Another example of a corrective control in action is when your access control system or a web page design remediates or quarantines a subject's access request when information about that subject and that access request indicates that something is not quite right. Systems can interrogate the subject's endpoint device, for example, to determine whether its operating system, applications, antimalware, or other functions are all properly updated, and if not, route the connection to a remediation server or page that only allows for repair actions to be taken. User subjects can also be challenged to provide further authentication credentials, if something about the time of day, the user's geographic position, or other criteria dictate the need for enhanced vigilance.
Compensating Controls
Compensating controls are put in place when the normal, recommended, or required “best choice” of a risk mitigation control is not available or is unworkable or not affordable or when another approach has been chosen for valid reasons. Depending upon the source of the original requirement for that control, this may or may not be an issue. NIST documents, for example, tend to focus on the risk or threat to protect against, rather than attempting to specify a specific approach. (Best practices, though, often rule out approaches that are no longer useful to consider.) Another example of this can be seen in the Payment Card Industry Data Security Standard (PCI DSS), which specifies stringent security functional or performance standards by which controls must operate, as well as a formalized process for justifying the use of an alternative approach.
PCI DSS gives a good working definition of a compensating control, which can easily apply to other information risk control situations. A compensating control must do the following:
Meet or exceed the intended level of protection as specified in the original control requirement
Provide a level of protection that sufficiently offsets or covers the risk that the original control requirement should address
Must provide greater levels of protection, against the total risk set that the originating or reference standard addresses, than would be achieved by the original control requirement
Must provide a degree of overall safety and security that is commensurate with the risk of not using the recommended or required original standard in whole or in part
This can seem a bit wordy, if not confusing. An example might help. Consider PCI DSS Requirement 3.6.4, as illustrated in a white paper by Robert Schwirtz and Jeff Hall, both at RSM McGladrey. (This paper, which can be found at https://rsmus.com/pdf/understanding_pci_comp_controls.pdf, provides good insight into the thinking about compensating controls and how to ensure that a soundly reasoned, well-supported argument is made to justify their use.) This particular requirement specifies that encryption keys must be kept secure.

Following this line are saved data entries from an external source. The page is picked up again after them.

text \<open>Sort the vectors of E_j by the set S \<subseteq> {1..j} of positions carrying a 1, which is
  nonempty by the definition of E_j. If |S| = l, deleting these ones and relabelling the other
  positions of {1..j} as l+1..j is a bijection onto the index set of the l-th inner sum. Under it
  |r| = l + N_{l+1}, the factors 1! at S drop out, the indicator sum in f_j equals l, and
  g(r_{n-1}) is unchanged: either position n-1 lies outside {1..j} or g is constant. Hence each
  class contributes l/k^l times the l-th inner sum, and there are (j choose l) classes with
  |S| = l.\<close>

lemma has_sum_UN_finite_disjoint:
  fixes f :: "'a \<Rightarrow> 'b::topological_comm_monoid_add"
  assumes "finite I" and "\<And>i. i \<in> I \<Longrightarrow> (f has_sum c i) (A i)"
    and "disjoint_family_on A I"
  shows "(f has_sum (\<Sum>i\<in>I. c i)) (\<Union>i\<in>I. A i)"
  using assms
proof (induction I rule: finite_induct)
  case empty
  then show ?case by simp
next
  case (insert x I)
  have "(f has_sum (c x + (\<Sum>i\<in>I. c i))) (A x \<union> (\<Union>i\<in>I. A i))"
    using insert by (intro has_sum_Un_disjoint) (auto simp: disjoint_family_on_def)
  then show ?case using insert by simp
qed
lemma (in algebra) additive_eq_point_masses:
  fixes \<rho> :: "'a set \<Rightarrow> real"
  assumes "finite Ds" "Ds \<subseteq> M" "R \<in> M"
    and "\<And>X. X \<in> M \<Longrightarrow> 0 \<le> \<rho> X"
    and "\<And>X Y. X \<in> M \<Longrightarrow> Y \<in> M \<Longrightarrow> X \<inter> Y = {} \<Longrightarrow> \<rho> (X \<union> Y) = \<rho> X + \<rho> Y"
    and "\<And>X. X \<in> M \<Longrightarrow> \<rho> X = \<rho> (X \<inter> R)"
  shows "\<exists>Q w. finite Q \<and> Q \<subseteq> R \<and> (\<forall>b\<in>Q. 0 \<le> w b) \<and> (\<forall>E\<in>insert \<Omega> Ds. \<rho> E = (\<Sum>b\<in>Q \<inter> E. w b))"
  using assms
proof (induction Ds arbitrary: \<rho> R rule: finite_induct)
  case empty
  show ?case
  proof (cases "R = {}")
    case True
    have "\<rho> ({} \<union> {}) = \<rho> {} + \<rho> {}" using empty.prems(4) by blast
    then show ?thesis using True empty.prems(5)[OF top] by (intro exI[of _ "{}"]) auto
  next
    case False
    then obtain b where b: "b \<in> R" by blast
    moreover have "b \<in> \<Omega>" using b empty.prems(2) sets_into_space by blast
    ultimately show ?thesis
      by (intro exI[of _ "{b}"] exI[of _ "\<lambda>_. \<rho> \<Omega>"]) (auto intro: empty.prems(3))
  qed
next
  case (insert E0 Ds)
  have E0: "E0 \<in> M" and Ds: "Ds \<subseteq> M" using insert.prems(1) by auto
  \<comment> \<open>Represent the restrictions of \<open>\<rho>\<close> to \<open>E0\<close> and to its complement separately; the
    support hypothesis \<open>R\<close> keeps their point masses inside \<open>E0\<close> and outside it, respectively.\<close>
  have split: "\<exists>Q w. finite Q \<and> Q \<subseteq> R \<inter> Y \<and> (\<forall>b\<in>Q. 0 \<le> w b) \<and>
      (\<forall>E\<in>insert \<Omega> Ds. \<rho> (E \<inter> Y) = (\<Sum>b\<in>Q \<inter> E. w b))" if Y: "Y \<in> M" for Y
  proof (rule insert.IH[OF Ds])
    show "R \<inter> Y \<in> M" using insert.prems(2) Y by blast
    show "0 \<le> \<rho> (X \<inter> Y)" if "X \<in> M" for X using insert.prems(3) that Y by blast
    show "\<rho> ((X \<union> Z) \<inter> Y) = \<rho> (X \<inter> Y) + \<rho> (Z \<inter> Y)" if "X \<in> M" "Z \<in> M" "X \<inter> Z = {}" for X Z
      using insert.prems(4)[of "X \<inter> Y" "Z \<inter> Y"] that Y by (auto simp: Int_Un_distrib2)
    show "\<rho> (X \<inter> Y) = \<rho> (X \<inter> (R \<inter> Y) \<inter> Y)" if "X \<in> M" for X
      using insert.prems(5)[of "X \<inter> Y"] that Y by (auto simp: Int_ac)
  qed
  obtain Q1 w1 where Q1: "finite Q1" "Q1 \<subseteq> R \<inter> E0" "\<forall>b\<in>Q1. 0 \<le> w1 b"
    "\<forall>E\<in>insert \<Omega> Ds. \<rho> (E \<inter> E0) = (\<Sum>b\<in>Q1 \<inter> E. w1 b)"
    using split[OF E0] by blast
  obtain Q2 w2 where Q2: "finite Q2" "Q2 \<subseteq> R \<inter> (\<Omega> - E0)" "\<forall>b\<in>Q2. 0 \<le> w2 b"
    "\<forall>E\<in>insert \<Omega> Ds. \<rho> (E \<inter> (\<Omega> - E0)) = (\<Sum>b\<in>Q2 \<inter> E. w2 b)"
    using split[OF compl_sets[OF E0]] by blast
  define w where "w b = (if b \<in> E0 then w1 b else w2 b)" for b
  have \<rho>_empty: "\<rho> {} = 0"
    using insert.prems(4)[of "{}" "{}"] by simp
  have parts: "\<rho> (E \<inter> E0) = (\<Sum>b\<in>Q1 \<inter> E. w b) \<and> \<rho> (E \<inter> (\<Omega> - E0)) = (\<Sum>b\<in>Q2 \<inter> E. w b)"
    if E: "E \<in> insert \<Omega> (insert E0 Ds)" for E
  proof -
    have "(\<Sum>b\<in>Q1 \<inter> E. w b) = (\<Sum>b\<in>Q1 \<inter> E. w1 b)" "(\<Sum>b\<in>Q2 \<inter> E. w b) = (\<Sum>b\<in>Q2 \<inter> E. w2 b)"
      using Q1(2) Q2(2) by (auto simp: w_def intro!: sum.cong)
    moreover have "Q1 \<inter> E0 = Q1 \<inter> \<Omega>" "Q2 \<inter> E0 = {}" "\<Omega> \<inter> E0 = E0" "E0 \<inter> (\<Omega> - E0) = {}"
      using Q1(2) Q2(2) sets_into_space E0 by auto
    ultimately show ?thesis using E Q1(4) Q2(4) \<rho>_empty by (cases "E = E0") auto
  qed
  show ?case
  proof (intro exI[of _ "Q1 \<union> Q2"] exI[of _ w] conjI ballI)
    show "finite (Q1 \<union> Q2)" "Q1 \<union> Q2 \<subseteq> R" using Q1(1,2) Q2(1,2) by auto
    show "0 \<le> w b" if "b \<in> Q1 \<union> Q2" for b using that Q1(2,3) Q2(2,3) by (auto simp: w_def)
    fix E assume E: "E \<in> insert \<Omega> (insert E0 Ds)"
    then have "E \<in> M" using insert.prems(1) by auto
    then have "E \<inter> E0 \<union> E \<inter> (\<Omega> - E0) = E" using sets_into_space by blast
    then have "\<rho> E = \<rho> (E \<inter> E0) + \<rho> (E \<inter> (\<Omega> - E0))"
      using insert.prems(4)[of "E \<inter> E0" "E \<inter> (\<Omega> - E0)"] \<open>E \<in> M\<close> E0 by auto
    also have "\<dots> = (\<Sum>b\<in>(Q1 \<union> Q2) \<inter> E. w b)"
      using parts[OF E] Q1(1,2) Q2(1,2) by (subst Int_Un_distrib2, subst sum.union_disjoint) auto
    finally show "\<rho> E = (\<Sum>b\<in>(Q1 \<union> Q2) \<inter> E. w b)" .
  qed
qed
(* Consider the feasible set $F$ of the distributionally robust chance-constrained bin packing problem: all $(z,y)$ with $z\in\{0,1\}^I$, $y=(y_{ij})\in\{0,1\}^{I\times J}$ satisfying $y_{ij}\le\rho_{ij}z_i$ for all $i\in[I],j\in[J]$, $\sum_{i=1}^I y_{ij}=1$ for all $j\in[J]$, and, for each $i\in[I]$, the chance constraint $\inf_{\mathbb{P}\in\mathcal{D}}\mathbb{P}\{\sum_{j=1}^J\tilde t_{ij}y_{ij}\le T_i\}\ge1-\alpha_i$. Fix $i\in[I]$ and write $y_i=(y_{i1},\dots,y_{iJ})$. (a) Let $h:\{0,1\}^J\to\mathbb{R}$ be submodular with $h(0)=0$ such that every $(z,y)\in F$ satisfies $h(y_i)\le T_i$ (so that $\pi^{\top}y_i\le T_i$ is an extended polymatroid inequality for bin $i$ whenever $\pi\in\mathrm{EP}_h$). Then for every $\pi\in\mathrm{EP}_h$, the inequality $\pi^{\top}y_i\le T_i z_i$ is valid for $F$. (b) Let $v_i\in\{0,1\}^{J+J^2}$ be the lifted vector $v_i=(y_{i1},\dots,y_{iJ},w_{i11},\dots,w_{i1J},w_{i21},\dots,w_{iJJ})$ with $w_{ijk}=y_{ij}y_{ik}$, and let $h:\{0,1\}^{J+J^2}\to\mathbb{R}$ be submodular with $h(0)=0$ such that every $(z,y)\in F$ satisfies $h(v_i)\le T_i^2$. Then for every $\pi\in\mathrm{EP}_h$, the inequality $\pi^{\top}v_i\le T_i^2 z_i$ is valid for $F$.
   Context: $[I]=\{1,\dots,I\}$ indexes bins with capacities $T_i\in\mathbb{R}$ and risk levels $\alpha_i\in(0,1)$; $[J]=\{1,\dots,J\}$ indexes items; $\rho_{ij}\in\{0,1\}$ indicates whether item $j$ may be assigned to bin $i$; $z_i=1$ iff bin $i$ is open; $y_{ij}=1$ iff item $j$ is assigned to bin $i$; $\tilde t_{ij}$ are random item weights whose joint distribution $\mathbb{P}$ ranges over an ambiguity set $\mathcal{D}$. Binary vectors are identified with subsets. A set function $h$ on subsets of a ground set $N$ is submodular if $h(R\cup\{j\})-h(R)\ge h(S\cup\{j\})-h(S)$ for all $R\subseteq S\subseteq N$, $j\in N\setminus S$. For such $h$, the extended polymatroid is $\mathrm{EP}_h=\{\pi\in\mathbb{R}^{N}:\ \sum_{j\in R}\pi_j\le h(R)\ \forall R\subseteq N\}$. An inequality is valid for $F$ if every point of $F$ satisfies it. *)

theory Defs
  imports "HOL-Probability.Probability"
begin

definition submodular :: "('a set \<Rightarrow> real) \<Rightarrow> bool" where
  "submodular h \<longleftrightarrow>
     (\<forall>R S j. R \<subseteq> S \<longrightarrow> j \<notin> S \<longrightarrow> h (insert j R) - h R \<ge> h (insert j S) - h S)"

definition EP :: "('a::finite set \<Rightarrow> real) \<Rightarrow> ('a \<Rightarrow> real) set" where
  "EP h = {\<pi>. \<forall>R. (\<Sum>j\<in>R. \<pi> j) \<le> h R}"

text \<open>Bins are indexed by the finite type 'i, items by the finite type 'j.
  z and y are 0/1 real vectors. The random weights are t \<omega> i j on a sample
  space 'w; D is the ambiguity set of distributions (measures on 'w).
  The constraint inf_{P in D} P{...} \<ge> 1 - alpha_i is written out as
  "for all P in D".\<close>
definition feasible ::
  "('i::finite \<Rightarrow> real) \<Rightarrow> ('i \<Rightarrow> real) \<Rightarrow> ('i \<Rightarrow> 'j::finite \<Rightarrow> real)
   \<Rightarrow> 'w measure set \<Rightarrow> ('w \<Rightarrow> 'i \<Rightarrow> 'j \<Rightarrow> real)
   \<Rightarrow> (('i \<Rightarrow> real) \<times> ('i \<Rightarrow> 'j \<Rightarrow> real)) set" where
  "feasible T \<alpha> \<rho> D t =
     {(z, y). (\<forall>i. z i \<in> {0, 1}) \<and> (\<forall>i j. y i j \<in> {0, 1})
        \<and> (\<forall>i j. y i j \<le> \<rho> i j * z i)
        \<and> (\<forall>j. (\<Sum>i\<in>UNIV. y i j) = 1)
        \<and> (\<forall>i. \<forall>P\<in>D.
              measure P {\<omega> \<in> space P. (\<Sum>j\<in>UNIV. t \<omega> i j * y i j) \<le> T i} \<ge> 1 - \<alpha> i)}"

definition supp01 :: "('a \<Rightarrow> real) \<Rightarrow> 'a set" where
  "supp01 x = {j. x j = 1}"

definition lifted :: "('i \<Rightarrow> 'j \<Rightarrow> real) \<Rightarrow> 'i \<Rightarrow> ('j + 'j \<times> 'j) \<Rightarrow> real" where
  "lifted y i e = (case e of Inl j \<Rightarrow> y i j | Inr (j, k) \<Rightarrow> y i j * y i k)"

end

theory Submission
  imports Defs
begin

text \<open>The same argument covers both
  parts once it is stated for an arbitrary 0/1 vector x that vanishes when z_i = 0.\<close>

lemma sum_mult_01_eq_sum_supp01:
  fixes x :: "'a::finite \<Rightarrow> real"
  assumes "\<forall>e. x e \<in> {0, 1}"
  shows "(\<Sum>e\<in>UNIV. \<pi> e * x e) = (\<Sum>e\<in>supp01 x. \<pi> e)"
proof -
  have "(\<Sum>e\<in>UNIV. \<pi> e * x e) = (\<Sum>e\<in>UNIV. if x e = 1 then \<pi> e else 0)"
    by (rule sum.cong) (use assms in auto)
  also have "\<dots> = (\<Sum>e\<in>supp01 x. \<pi> e)"
    by (simp add: sum.If_cases supp01_def)
  finally show ?thesis .
qed

lemma EP_sum_le: "\<pi> \<in> EP h \<Longrightarrow> (\<Sum>e\<in>R. \<pi> e) \<le> h R"
  by (simp add: EP_def)

lemma EP_inequality_mult_bin_indicator:
  fixes x :: "'a::finite \<Rightarrow> real"
  assumes x01: "\<forall>e. x e \<in> {0, 1}" and z01: "z \<in> {0, 1}"
    and closed: "z = 0 \<Longrightarrow> \<forall>e. x e = 0"
    and \<pi>: "\<pi> \<in> EP h" and h_le: "h (supp01 x) \<le> c"
  shows "(\<Sum>e\<in>UNIV. \<pi> e * x e) \<le> c * z"
proof (cases "z = 0")
  case True
  then show ?thesis using closed by simp
next
  case False
  with z01 have "z = 1" by simp
  have "(\<Sum>e\<in>UNIV. \<pi> e * x e) = (\<Sum>e\<in>supp01 x. \<pi> e)"
    using x01 by (rule sum_mult_01_eq_sum_supp01)
  also have "\<dots> \<le> h (supp01 x)"
    using \<pi> by (rule EP_sum_le)
  finally show ?thesis
    using h_le \<open>z = 1\<close> by simp
qed

lemma feasible_binary:
  assumes "(z, y) \<in> feasible T \<alpha> \<rho> D t"
  shows "\<forall>j. y i j \<in> {0, 1}" and "z i \<in> {0, 1}"
  using assms unfolding feasible_def by blast+

lemma feasible_closed_bin_empty:
  assumes f: "(z, y) \<in> feasible T \<alpha> \<rho> D t" and "z i = 0"
  shows "y i j = 0"
proof -
  have "y i j \<le> \<rho> i j * z i"
    using f unfolding feasible_def by blast
  with \<open>z i = 0\<close> have "y i j \<le> 0" by simp
  moreover have "y i j \<in> {0, 1}"
    using feasible_binary(1)[OF f] by blast
  ultimately show ?thesis by auto
qed

lemma lifted_binary:
  assumes "\<forall>j. y i j \<in> {0, 1::real}"
  shows "\<forall>e. lifted y i e \<in> {0, 1}"
proof -
  have "a * b \<in> {0, 1}" if "a \<in> {0, 1}" "b \<in> {0, 1}" for a b :: real
    using that by auto
  with assms show ?thesis
    by (auto simp: lifted_def split: sum.split)
qed

lemma lifted_zero:
  assumes "\<forall>j. y i j = 0"
  shows "\<forall>e. lifted y i e = 0"
  using assms by (auto simp: lifted_def split: sum.split)

theorem proposition4:
  fixes T \<alpha> :: "'i::finite \<Rightarrow> real" and \<rho> :: "'i \<Rightarrow> 'j::finite \<Rightarrow> real"
    and D :: "'w measure set" and t :: "'w \<Rightarrow> 'i \<Rightarrow> 'j \<Rightarrow> real" and i :: 'i
  assumes "\<forall>b. 0 < \<alpha> b \<and> \<alpha> b < 1"
    and "\<forall>b j. \<rho> b j \<in> {0, 1}"
    and "\<forall>P\<in>D. prob_space P"
    and "\<forall>P\<in>D. \<forall>b j. (\<lambda>\<omega>. t \<omega> b j) \<in> borel_measurable P"
  shows
    "(\<forall>h :: 'j set \<Rightarrow> real.
        submodular h \<and> h {} = 0
        \<and> (\<forall>(z, y) \<in> feasible T \<alpha> \<rho> D t. h (supp01 (y i)) \<le> T i)
        \<longrightarrow> (\<forall>\<pi> \<in> EP h. \<forall>(z, y) \<in> feasible T \<alpha> \<rho> D t.
               (\<Sum>j\<in>UNIV. \<pi> j * y i j) \<le> T i * z i))
     \<and>
     (\<forall>h :: ('j + 'j \<times> 'j) set \<Rightarrow> real.
        submodular h \<and> h {} = 0
        \<and> (\<forall>(z, y) \<in> feasible T \<alpha> \<rho> D t. h (supp01 (lifted y i)) \<le> (T i)\<^sup>2)
        \<longrightarrow> (\<forall>\<pi> \<in> EP h. \<forall>(z, y) \<in> feasible T \<alpha> \<rho> D t.
               (\<Sum>e\<in>UNIV. \<pi> e * lifted y i e) \<le> (T i)\<^sup>2 * z i))"
proof (intro conjI allI impI ballI; clarify)
  fix h :: "'j set \<Rightarrow> real" and \<pi> z y
  assume "\<forall>(z, y) \<in> feasible T \<alpha> \<rho> D t. h (supp01 (y i)) \<le> T i"
    and "\<pi> \<in> EP h" and f: "(z, y) \<in> feasible T \<alpha> \<rho> D t"
  then show "(\<Sum>j\<in>UNIV. \<pi> j * y i j) \<le> T i * z i"
    by (intro EP_inequality_mult_bin_indicator feasible_binary[OF f])
      (auto intro: feasible_closed_bin_empty[OF f])
next
  fix h :: "('j + 'j \<times> 'j) set \<Rightarrow> real" and \<pi> z y
  assume "\<forall>(z, y) \<in> feasible T \<alpha> \<rho> D t. h (supp01 (lifted y i)) \<le> (T i)\<^sup>2"
    and "\<pi> \<in> EP h" and f: "(z, y) \<in> feasible T \<alpha> \<rho> D t"
  then show "(\<Sum>e\<in>UNIV. \<pi> e * lifted y i e) \<le> (T i)\<^sup>2 * z i"
    by (intro EP_inequality_mult_bin_indicator lifted_binary feasible_binary[OF f] lifted_zero)
      (auto intro: feasible_closed_bin_empty[OF f])
qed

end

Suppose your system is implemented using a public key cryptography approach such as pretty good privacy (PGP), in which there also is not a centralized certificate authority; there are no keys to keep secure! So, your compensating control is the use of a PKI system and the details by which you protect and manage certificates. (Yes, that process involves the use of both parties' private keys, and yes, those have to be kept secure, but these are not the keys used to encrypt a PCI DSS transaction. And, yes, it's arguable that the requirement would then apply to keeping the resultant session keys secure.)
Another example might be a requirement (in PCI DSS or many other systems requirements specifications) that requires passwords to be of a minimum length and complexity. Using a multifactor authentication system, common sense will tell us, obviates the need for attempts to constrain or dictate user choices of passwords since they are not the sole means of gaining access and privileges.
In common use, we talk about compensating for something as a way to imply that the original would have been better, but for whatever reason, we are settling for less. You compensate for the absence of a key team member by letting others substitute for them, knowing that your team just won't be as strong or the results as good. That's not what compensating means when talking about security and risk controls!
For a control to be a compensating control, there is no additional residual risk just because you've replaced the originally required control approach with something different. And if there is a residual risk, then your compensating control is not the right choice.
The Lifecycle of a Control
As with any systems element and the systems themselves, risk mitigation and security controls have a lifecycle that they progress through, from initial observation and expression of a need through implementation, use, and replacement or retirement. More specifically, that lifecycle might include the following:
Risk identification and characterization
Vulnerability assessments, with links to specific risks
Risk management planning decisions, on a